> _Given records_
<<<<
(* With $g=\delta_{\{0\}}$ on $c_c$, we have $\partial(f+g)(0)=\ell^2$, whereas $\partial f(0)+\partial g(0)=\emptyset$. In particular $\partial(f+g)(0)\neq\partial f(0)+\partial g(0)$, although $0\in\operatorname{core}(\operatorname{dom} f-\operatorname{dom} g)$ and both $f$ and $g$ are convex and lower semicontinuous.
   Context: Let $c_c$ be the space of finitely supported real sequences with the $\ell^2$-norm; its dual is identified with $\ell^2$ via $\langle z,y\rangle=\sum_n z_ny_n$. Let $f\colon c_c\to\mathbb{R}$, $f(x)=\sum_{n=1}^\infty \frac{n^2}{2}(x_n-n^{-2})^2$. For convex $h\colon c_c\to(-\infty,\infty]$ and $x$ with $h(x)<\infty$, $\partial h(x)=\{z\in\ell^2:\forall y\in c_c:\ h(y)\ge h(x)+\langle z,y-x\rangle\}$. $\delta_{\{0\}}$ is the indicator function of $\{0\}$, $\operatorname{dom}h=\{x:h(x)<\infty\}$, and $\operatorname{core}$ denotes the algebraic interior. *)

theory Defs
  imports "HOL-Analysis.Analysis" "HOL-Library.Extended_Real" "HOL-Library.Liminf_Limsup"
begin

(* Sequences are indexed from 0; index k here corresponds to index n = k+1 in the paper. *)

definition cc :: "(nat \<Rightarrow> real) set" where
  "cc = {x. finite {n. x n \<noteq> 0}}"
>>>>
<<<<
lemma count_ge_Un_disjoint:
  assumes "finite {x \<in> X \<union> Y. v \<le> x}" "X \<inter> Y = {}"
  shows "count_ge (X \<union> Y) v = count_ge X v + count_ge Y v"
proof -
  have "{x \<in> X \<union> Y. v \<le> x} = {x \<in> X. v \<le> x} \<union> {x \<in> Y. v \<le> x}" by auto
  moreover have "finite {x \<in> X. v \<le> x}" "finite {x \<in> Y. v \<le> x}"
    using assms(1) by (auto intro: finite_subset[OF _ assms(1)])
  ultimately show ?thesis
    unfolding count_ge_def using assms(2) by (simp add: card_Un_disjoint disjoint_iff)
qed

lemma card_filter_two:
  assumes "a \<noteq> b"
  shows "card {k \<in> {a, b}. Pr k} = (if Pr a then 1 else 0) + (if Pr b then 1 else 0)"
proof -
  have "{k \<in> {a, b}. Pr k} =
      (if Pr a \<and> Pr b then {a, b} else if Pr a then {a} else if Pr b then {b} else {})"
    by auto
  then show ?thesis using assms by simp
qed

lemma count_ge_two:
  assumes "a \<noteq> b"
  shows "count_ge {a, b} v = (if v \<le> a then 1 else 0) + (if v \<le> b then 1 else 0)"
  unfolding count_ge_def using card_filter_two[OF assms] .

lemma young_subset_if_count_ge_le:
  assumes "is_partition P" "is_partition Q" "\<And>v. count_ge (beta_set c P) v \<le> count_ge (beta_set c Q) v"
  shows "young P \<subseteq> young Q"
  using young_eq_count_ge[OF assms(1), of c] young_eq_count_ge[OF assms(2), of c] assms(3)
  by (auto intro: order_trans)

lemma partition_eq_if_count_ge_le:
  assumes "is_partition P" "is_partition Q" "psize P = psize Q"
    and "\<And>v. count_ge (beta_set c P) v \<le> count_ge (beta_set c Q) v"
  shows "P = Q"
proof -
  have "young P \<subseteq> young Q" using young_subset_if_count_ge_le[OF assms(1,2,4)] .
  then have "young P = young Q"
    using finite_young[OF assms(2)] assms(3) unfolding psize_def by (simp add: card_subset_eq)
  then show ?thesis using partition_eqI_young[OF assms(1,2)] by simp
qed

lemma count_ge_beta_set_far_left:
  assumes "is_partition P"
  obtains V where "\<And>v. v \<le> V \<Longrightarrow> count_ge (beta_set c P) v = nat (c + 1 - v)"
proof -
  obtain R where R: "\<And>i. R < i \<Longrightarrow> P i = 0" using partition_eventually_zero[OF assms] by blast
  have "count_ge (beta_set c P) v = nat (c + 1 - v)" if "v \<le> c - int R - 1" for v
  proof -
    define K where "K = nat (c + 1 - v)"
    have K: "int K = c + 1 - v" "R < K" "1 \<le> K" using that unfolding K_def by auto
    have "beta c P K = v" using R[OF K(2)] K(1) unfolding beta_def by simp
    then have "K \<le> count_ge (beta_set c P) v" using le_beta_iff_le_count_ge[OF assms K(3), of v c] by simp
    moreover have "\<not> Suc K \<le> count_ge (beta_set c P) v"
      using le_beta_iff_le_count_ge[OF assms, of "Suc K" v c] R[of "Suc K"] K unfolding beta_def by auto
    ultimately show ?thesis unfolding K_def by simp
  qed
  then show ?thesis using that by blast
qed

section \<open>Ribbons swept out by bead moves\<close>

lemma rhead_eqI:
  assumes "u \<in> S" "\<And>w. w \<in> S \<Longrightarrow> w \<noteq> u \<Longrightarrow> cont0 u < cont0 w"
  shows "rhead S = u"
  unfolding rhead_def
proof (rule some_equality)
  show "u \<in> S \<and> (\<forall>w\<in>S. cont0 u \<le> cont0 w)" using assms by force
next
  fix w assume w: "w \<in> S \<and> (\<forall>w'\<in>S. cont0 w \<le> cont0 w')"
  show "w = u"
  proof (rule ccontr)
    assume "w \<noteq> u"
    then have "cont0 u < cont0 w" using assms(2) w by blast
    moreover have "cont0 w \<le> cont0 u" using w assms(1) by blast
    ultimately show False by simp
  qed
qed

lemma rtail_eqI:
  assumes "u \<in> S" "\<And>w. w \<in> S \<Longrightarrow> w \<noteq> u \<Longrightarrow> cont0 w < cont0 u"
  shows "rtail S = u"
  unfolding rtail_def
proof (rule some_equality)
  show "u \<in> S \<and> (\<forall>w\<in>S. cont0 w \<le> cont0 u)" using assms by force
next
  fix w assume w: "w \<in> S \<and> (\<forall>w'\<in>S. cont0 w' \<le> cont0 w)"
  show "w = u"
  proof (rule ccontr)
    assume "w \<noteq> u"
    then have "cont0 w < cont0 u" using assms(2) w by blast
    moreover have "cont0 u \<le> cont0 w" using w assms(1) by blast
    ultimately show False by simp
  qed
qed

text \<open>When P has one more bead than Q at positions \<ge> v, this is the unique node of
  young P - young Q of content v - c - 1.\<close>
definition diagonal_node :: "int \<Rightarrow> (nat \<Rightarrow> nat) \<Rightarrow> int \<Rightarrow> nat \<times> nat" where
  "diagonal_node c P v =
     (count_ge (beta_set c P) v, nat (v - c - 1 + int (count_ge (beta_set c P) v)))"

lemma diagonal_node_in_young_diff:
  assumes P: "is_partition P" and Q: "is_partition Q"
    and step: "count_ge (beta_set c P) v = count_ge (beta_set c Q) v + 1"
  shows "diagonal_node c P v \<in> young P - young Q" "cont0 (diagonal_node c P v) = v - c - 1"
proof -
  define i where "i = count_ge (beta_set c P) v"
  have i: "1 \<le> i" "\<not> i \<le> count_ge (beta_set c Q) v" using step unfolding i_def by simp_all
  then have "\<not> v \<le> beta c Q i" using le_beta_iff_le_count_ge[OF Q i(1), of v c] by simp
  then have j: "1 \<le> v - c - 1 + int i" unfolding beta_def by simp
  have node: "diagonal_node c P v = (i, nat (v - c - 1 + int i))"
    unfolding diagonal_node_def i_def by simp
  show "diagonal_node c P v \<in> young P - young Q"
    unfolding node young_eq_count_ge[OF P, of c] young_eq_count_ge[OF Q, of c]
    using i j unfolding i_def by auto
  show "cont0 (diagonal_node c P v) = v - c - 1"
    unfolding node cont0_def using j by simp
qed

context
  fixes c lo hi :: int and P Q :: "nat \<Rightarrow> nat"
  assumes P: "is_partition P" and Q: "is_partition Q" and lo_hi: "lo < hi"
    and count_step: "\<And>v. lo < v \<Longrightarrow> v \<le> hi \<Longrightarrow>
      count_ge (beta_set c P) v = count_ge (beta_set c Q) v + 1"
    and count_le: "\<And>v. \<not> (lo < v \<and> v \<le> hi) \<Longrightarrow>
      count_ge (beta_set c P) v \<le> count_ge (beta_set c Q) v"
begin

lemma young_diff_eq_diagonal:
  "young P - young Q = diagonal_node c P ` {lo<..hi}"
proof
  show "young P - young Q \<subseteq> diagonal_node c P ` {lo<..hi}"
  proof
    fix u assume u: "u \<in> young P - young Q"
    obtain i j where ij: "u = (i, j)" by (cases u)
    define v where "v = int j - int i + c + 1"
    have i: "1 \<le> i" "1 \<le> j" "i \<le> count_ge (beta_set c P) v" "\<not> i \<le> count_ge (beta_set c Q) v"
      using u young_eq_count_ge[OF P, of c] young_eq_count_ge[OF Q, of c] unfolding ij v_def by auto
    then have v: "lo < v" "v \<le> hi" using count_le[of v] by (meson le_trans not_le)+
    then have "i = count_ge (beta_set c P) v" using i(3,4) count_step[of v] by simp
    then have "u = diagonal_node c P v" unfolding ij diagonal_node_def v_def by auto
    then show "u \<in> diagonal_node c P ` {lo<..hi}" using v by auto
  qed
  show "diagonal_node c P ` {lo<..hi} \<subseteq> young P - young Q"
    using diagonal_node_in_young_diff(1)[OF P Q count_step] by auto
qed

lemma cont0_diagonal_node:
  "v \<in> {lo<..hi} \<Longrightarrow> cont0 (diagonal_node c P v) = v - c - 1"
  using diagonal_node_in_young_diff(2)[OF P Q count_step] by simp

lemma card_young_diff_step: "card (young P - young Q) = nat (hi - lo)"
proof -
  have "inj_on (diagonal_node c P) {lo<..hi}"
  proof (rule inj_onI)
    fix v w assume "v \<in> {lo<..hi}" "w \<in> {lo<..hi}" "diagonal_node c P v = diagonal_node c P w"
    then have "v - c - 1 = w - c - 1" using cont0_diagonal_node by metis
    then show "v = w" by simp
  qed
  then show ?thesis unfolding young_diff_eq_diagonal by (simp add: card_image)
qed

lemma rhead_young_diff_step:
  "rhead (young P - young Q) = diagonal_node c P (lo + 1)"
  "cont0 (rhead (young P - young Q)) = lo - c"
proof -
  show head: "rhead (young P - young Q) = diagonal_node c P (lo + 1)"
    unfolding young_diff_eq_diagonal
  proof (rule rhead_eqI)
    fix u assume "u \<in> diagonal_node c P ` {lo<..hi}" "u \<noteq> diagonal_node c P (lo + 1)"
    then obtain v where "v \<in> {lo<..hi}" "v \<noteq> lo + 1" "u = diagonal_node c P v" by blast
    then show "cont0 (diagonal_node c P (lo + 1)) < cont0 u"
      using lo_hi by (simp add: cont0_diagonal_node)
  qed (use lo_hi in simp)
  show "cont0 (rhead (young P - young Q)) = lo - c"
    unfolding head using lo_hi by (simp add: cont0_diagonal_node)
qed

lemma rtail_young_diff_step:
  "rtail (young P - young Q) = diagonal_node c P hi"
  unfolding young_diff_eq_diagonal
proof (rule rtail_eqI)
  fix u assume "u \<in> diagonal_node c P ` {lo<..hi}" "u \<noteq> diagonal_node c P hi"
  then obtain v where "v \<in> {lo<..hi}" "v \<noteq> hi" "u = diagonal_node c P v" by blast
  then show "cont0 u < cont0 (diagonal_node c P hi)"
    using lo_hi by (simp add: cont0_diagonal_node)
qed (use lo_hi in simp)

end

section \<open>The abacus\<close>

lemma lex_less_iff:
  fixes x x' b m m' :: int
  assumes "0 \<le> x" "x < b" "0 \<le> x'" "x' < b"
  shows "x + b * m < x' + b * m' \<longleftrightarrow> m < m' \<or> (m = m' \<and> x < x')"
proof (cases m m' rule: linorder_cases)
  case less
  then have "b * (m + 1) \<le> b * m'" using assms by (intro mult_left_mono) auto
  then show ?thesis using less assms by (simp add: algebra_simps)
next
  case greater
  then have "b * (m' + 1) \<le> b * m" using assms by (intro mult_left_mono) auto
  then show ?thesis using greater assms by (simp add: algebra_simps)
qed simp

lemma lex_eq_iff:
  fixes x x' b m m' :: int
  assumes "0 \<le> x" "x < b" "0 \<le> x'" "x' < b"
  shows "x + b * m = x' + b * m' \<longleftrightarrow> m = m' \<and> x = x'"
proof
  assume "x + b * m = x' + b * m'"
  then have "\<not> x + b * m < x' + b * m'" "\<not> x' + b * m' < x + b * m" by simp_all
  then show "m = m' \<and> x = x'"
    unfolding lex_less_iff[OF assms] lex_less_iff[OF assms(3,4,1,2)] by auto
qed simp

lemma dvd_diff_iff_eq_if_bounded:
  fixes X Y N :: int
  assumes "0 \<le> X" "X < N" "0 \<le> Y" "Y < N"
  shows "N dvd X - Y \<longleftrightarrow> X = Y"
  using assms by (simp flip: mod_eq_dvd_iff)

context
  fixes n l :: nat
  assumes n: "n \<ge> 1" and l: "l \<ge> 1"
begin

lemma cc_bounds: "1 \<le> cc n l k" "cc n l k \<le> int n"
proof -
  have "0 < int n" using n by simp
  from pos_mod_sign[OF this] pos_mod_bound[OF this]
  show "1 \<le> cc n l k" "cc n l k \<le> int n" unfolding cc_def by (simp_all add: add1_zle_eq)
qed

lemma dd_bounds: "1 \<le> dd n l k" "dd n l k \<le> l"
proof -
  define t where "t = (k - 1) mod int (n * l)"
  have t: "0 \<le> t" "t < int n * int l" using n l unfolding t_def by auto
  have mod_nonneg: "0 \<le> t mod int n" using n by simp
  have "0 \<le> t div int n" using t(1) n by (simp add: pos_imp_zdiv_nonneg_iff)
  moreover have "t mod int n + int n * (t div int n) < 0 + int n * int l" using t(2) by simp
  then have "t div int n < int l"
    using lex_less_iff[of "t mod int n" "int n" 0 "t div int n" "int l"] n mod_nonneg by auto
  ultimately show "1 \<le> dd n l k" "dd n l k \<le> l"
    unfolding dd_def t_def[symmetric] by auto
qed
>>>>
<<<<
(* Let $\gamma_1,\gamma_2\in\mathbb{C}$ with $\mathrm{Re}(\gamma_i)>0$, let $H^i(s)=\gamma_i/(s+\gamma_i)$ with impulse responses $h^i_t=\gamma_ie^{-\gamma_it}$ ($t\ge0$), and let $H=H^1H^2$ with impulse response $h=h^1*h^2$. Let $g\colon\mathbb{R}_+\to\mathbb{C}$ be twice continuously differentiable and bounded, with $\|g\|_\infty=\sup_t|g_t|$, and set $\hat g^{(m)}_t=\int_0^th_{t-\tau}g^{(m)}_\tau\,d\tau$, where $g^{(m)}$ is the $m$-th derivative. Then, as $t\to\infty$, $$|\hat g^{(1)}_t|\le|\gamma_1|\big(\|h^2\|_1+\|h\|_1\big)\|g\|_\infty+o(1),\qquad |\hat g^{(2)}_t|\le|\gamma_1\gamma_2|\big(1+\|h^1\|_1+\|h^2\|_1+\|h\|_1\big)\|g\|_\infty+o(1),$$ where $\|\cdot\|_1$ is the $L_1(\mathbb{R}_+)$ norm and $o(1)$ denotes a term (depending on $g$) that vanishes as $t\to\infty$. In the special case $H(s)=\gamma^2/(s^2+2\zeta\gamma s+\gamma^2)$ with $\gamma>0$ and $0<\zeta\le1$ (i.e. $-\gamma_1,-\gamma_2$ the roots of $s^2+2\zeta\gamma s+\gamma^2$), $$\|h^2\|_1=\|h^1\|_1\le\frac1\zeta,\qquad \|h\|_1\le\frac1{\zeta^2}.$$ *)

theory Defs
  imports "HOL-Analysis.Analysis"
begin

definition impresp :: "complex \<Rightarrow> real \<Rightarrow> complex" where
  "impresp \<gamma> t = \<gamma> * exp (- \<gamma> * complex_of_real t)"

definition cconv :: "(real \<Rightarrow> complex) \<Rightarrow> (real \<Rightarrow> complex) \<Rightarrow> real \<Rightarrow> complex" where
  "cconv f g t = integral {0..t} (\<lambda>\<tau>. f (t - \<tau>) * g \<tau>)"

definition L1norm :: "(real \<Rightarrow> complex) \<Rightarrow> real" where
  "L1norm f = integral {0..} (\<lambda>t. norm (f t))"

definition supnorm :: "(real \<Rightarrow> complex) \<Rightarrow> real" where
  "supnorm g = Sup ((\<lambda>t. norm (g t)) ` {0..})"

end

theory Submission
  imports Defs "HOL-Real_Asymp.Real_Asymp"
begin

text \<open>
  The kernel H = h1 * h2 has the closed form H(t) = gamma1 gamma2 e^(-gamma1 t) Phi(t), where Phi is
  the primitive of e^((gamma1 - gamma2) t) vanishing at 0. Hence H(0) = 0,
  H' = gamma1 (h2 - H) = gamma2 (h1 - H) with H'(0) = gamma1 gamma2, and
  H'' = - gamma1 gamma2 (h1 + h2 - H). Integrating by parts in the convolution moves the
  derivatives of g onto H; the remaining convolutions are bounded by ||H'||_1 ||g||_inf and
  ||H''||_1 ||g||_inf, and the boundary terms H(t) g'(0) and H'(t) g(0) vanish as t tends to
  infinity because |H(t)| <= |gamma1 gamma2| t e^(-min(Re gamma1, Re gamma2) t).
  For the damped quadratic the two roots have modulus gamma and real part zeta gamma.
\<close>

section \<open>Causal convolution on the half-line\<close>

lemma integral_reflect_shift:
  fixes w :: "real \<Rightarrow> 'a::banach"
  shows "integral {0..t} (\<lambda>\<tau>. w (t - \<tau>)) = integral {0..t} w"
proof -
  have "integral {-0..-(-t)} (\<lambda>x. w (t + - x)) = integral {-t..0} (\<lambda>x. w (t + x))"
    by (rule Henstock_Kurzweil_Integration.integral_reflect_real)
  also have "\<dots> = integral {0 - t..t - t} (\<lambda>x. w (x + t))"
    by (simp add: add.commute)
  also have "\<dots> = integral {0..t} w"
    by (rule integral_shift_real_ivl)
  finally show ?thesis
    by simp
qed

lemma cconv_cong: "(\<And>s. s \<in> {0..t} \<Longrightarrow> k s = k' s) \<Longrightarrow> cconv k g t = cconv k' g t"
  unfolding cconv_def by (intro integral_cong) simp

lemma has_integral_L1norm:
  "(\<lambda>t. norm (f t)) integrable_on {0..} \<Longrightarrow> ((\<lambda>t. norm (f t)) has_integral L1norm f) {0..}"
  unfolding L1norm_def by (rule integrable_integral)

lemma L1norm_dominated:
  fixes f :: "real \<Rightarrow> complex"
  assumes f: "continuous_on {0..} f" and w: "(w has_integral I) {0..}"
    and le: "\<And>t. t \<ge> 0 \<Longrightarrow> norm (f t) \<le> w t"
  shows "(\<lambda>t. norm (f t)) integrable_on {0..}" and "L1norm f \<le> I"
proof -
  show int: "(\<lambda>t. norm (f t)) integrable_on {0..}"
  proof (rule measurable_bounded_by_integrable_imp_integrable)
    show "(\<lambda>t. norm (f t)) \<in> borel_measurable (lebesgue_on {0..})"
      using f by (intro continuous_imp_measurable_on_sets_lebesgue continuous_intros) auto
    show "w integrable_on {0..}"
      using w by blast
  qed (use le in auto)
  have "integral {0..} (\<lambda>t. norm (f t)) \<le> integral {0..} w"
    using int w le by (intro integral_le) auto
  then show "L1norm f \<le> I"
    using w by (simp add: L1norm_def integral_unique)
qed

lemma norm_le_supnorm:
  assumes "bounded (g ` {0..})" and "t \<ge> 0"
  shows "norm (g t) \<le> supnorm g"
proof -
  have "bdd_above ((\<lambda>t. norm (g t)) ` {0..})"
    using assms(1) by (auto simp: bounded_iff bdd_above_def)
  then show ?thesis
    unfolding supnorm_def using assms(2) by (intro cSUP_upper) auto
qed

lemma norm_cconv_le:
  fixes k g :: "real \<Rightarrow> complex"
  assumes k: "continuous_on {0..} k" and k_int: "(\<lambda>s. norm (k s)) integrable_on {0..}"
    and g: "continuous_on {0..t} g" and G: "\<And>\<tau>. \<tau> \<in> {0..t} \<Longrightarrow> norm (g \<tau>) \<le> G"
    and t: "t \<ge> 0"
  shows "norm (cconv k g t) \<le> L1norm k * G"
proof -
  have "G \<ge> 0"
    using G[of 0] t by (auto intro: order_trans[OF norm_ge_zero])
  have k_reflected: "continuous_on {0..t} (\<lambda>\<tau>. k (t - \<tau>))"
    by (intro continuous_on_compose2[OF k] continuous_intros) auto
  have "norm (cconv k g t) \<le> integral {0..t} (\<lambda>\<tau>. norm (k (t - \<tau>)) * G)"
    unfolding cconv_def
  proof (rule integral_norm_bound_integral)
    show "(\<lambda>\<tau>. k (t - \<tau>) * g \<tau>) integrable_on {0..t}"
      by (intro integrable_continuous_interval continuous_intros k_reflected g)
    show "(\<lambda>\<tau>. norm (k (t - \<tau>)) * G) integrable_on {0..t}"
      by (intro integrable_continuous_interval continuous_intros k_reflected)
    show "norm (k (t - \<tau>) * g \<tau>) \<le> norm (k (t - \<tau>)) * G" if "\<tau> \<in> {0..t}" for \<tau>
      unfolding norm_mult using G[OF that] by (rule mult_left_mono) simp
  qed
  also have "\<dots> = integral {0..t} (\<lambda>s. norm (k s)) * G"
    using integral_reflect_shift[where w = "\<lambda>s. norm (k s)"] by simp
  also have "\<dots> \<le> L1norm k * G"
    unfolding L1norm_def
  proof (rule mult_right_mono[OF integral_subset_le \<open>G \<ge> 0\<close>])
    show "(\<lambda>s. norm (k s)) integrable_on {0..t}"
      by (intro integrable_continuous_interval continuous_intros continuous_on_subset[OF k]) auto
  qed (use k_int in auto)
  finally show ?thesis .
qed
>>>>
> _Problem description_
Return only the lines between the one holding "and lower semicontinuous." and the one holding "x n \<noteq>", inclusive, exactly as they appear above.

> _Answer for the task_
(* With $g=\delta_{\{0\}}$ on $c_c$, we have $\partial(f+g)(0)=\ell^2$, whereas $\partial f(0)+\partial g(0)=\emptyset$. In particular $\partial(f+g)(0)\neq\partial f(0)+\partial g(0)$, although $0\in\operatorname{core}(\operatorname{dom} f-\operatorname{dom} g)$ and both $f$ and $g$ are convex and lower semicontinuous.
   Context: Let $c_c$ be the space of finitely supported real sequences with the $\ell^2$-norm; its dual is identified with $\ell^2$ via $\langle z,y\rangle=\sum_n z_ny_n$. Let $f\colon c_c\to\mathbb{R}$, $f(x)=\sum_{n=1}^\infty \frac{n^2}{2}(x_n-n^{-2})^2$. For convex $h\colon c_c\to(-\infty,\infty]$ and $x$ with $h(x)<\infty$, $\partial h(x)=\{z\in\ell^2:\forall y\in c_c:\ h(y)\ge h(x)+\langle z,y-x\rangle\}$. $\delta_{\{0\}}$ is the indicator function of $\{0\}$, $\operatorname{dom}h=\{x:h(x)<\infty\}$, and $\operatorname{core}$ denotes the algebraic interior. *)

theory Defs
  imports "HOL-Analysis.Analysis" "HOL-Library.Extended_Real" "HOL-Library.Liminf_Limsup"
begin

(* Sequences are indexed from 0; index k here corresponds to index n = k+1 in the paper. *)

definition cc :: "(nat \<Rightarrow> real) set" where
  "cc = {x. finite {n. x n \<noteq> 0}}"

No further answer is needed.